Berries Berries Berries...
Take those scrumptious berries this summer season brings and turn them into tempting meals! Using fresh, local ingredients, learn to spice up traditional recipes and create new dishes that will tantalize your taste buds. Class is taught by a West Seattle dietitian skilled in developing tasty meals with hidden healthy ingredients.


Please read: $15 Materials Fee paid directly to Instructor.
Thursday, 6:00 PM - 8:30 PM; 1 session on August 6, 2009
Cost: $49.00 Materials Cost: $15.00
Instructor: Weiss
Location: SSCC, Culinary Arts Building (CAB), CAB Main Kitchen

Monday, July 20, 2009

Summertime Bing Cherry Pie

Photos By Mark West

I have no idea how I'm typing this post at this moment. My brain and body should be lying in a slump on the shiny living room floor, leaking random food facts into small uninteresting puddles at my head and feet. That's what 5+ hours of studying for the RD (Registered Dietitian) exam will do to a girl. But somehow, I feel alive and fresh after going through hundreds of study flash cards with my nutrition partner-in-crime Nathanya. Over some prime Seattle java at Ballard's Caffe Fiore, we quizzed each other for hours, taking in the summer sunshine on the cafe's back porch.

The last few days have been both exhausting and energizing at the same time. It's that feeling that only comes in summer when you're out using your body in ways that would seem strange or uncomfortable in the winter months. The feeling of letting everything in, taking deep breaths of air and stretching out with bare legs on the grass, instead of contracting in tight postures, arms crossed, against the cold and the damp. Even studying takes on a different feeling, when you know that you can lay outside on a blanket, or end the study day with a bike ride from Ballard to West Seattle. On the way home at rush hour this evening, a bit caffeinated but elated with the day's progress, I caught the West Seattle bridge right when it was turning for a large tanker to pass into Elliott Bay. Nine times out of ten I'll get lucky and go over without delay, but today I was in a light enough mood to not bother with feeling annoyed. When I approached the gate, I could scarcely believe the crowd of cyclists that was waiting to cross, commuting back home from working downtown. In cold, wet, and heat, year-round I cross this bridge. In the wintertime or in the rainy fall I'll meet maybe 5 others when waiting for the bridge to turn, but today I counted 60. I guess I'm not the only one feeling the summer in her belly on a 70 and sunny Monday.
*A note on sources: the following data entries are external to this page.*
lemma Xi_mono_left: "i \<le> i' \<Longrightarrow> Xi i j \<le> Xi i' j"
  by (auto simp: Xi_def)

lemma Xi_antimono_right: "j \<le> j' \<Longrightarrow> Xi i j' \<le> Xi i j"
  by (auto simp: Xi_def)

lemma sum_Xi: "(\<Sum>i<n. \<Sum>j<n. Xi i j) = real n ^ 2"
proof -
  have "(\<Sum>i<n. \<Sum>j<n. Xi j i) = (\<Sum>i<n. \<Sum>j<n. Xi i j)"
    by (rule sum.swap)
  then have "2 * (\<Sum>i<n. \<Sum>j<n. Xi i j) = (\<Sum>i<n. \<Sum>j<n. Xi i j + Xi j i)"
    by (simp add: sum.distrib)
  also have "\<dots> = 2 * real n ^ 2"
    by (simp add: Xi_add_Xi_swap power2_eq_square)
  finally show ?thesis by simp
qed

(* xi_form n X Y = tr (Xi X Xi Y^T), written as the entrywise product of Xi X Xi with Y. *)
definition xi_form :: "nat \<Rightarrow> (nat \<Rightarrow> nat \<Rightarrow> real) \<Rightarrow> (nat \<Rightarrow> nat \<Rightarrow> real) \<Rightarrow> real" where
  "xi_form n X Y = (\<Sum>i<n. \<Sum>j<n. mat_mult n (mat_mult n Xi X) Xi i j * Y i j)"

lemma mat_trace_mult_transpose:
  "mat_trace n (mat_mult n A (mat_transpose B)) = (\<Sum>i<n. \<Sum>j<n. A i j * B i j)"
  by (simp add: mat_trace_def mat_mult_def mat_transpose_def)

lemma kendall_tau_eq_xi_form: "kendall_tau n P = 1 - xi_form n P P"
  by (simp add: kendall_tau_def xi_form_def mat_trace_mult_transpose)

lemma xi_form_add_smult:
  "xi_form n (\<lambda>i j. X i j + e * D i j) (\<lambda>i j. X i j + e * D i j)
     = xi_form n X X + e * (xi_form n X D + xi_form n D X) + e\<^sup>2 * xi_form n D D"
  by (simp add: xi_form_def mat_mult_def sum.distrib sum_distrib_left sum_distrib_right
      algebra_simps power2_eq_square)

lemma mat_mult_outer:
  "mat_mult n (mat_mult n A (\<lambda>j k. u j * v k)) B i l = (\<Sum>j<n. A i j * u j) * (\<Sum>k<n. v k * B k l)"
  by (simp add: mat_mult_def sum_distrib_left sum_distrib_right mult_ac)

definition uniform_copula :: "nat \<Rightarrow> nat \<Rightarrow> nat \<Rightarrow> real" where
  "uniform_copula n i j = 1 / real n ^ 2"

lemma checkerboard_copula_uniform: "n > 0 \<Longrightarrow> checkerboard_copula n (uniform_copula n)"
  by (simp add: checkerboard_copula_def uniform_copula_def power2_eq_square)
Mark and I have been walking more in the neighborhood, taking advantage of the long evenings and dry pavement. Last week we found ourselves meandering on the side streets, keeping an eye out for a few of the cherry trees that we've been seeing with ripening fruit. There was a street in particular that I had been stalking as of late, watching two trees with Rainiers and Bings ripen their fruit, and now letting them fall to the ground. Clearly, trees whose owners didn't have the time or inclination to see the delicious possibilities... but I'm a bit of a free-fruit opportunist, of course, and I wasn't about to let this chance pass me by. I knocked on the door of the home, and an older man with a big white beard (Fruit Santa?) answered. He gave us permission to pick as much as we'd like. Seven pounds heavier, (not including a few more pounds of Rainiers in our bellies) we returned home.


We had just enough Bings for a pie, and the Rainiers I made into a jar of conserve. The results were pure summertime. I used a crust recipe that David Lebovitz uses, an all-butter affair that I wholeheartedly believe in... because who wants anything but the Real Thing when it comes to dessert? Shortening is for...well... cheaters and liars. So there.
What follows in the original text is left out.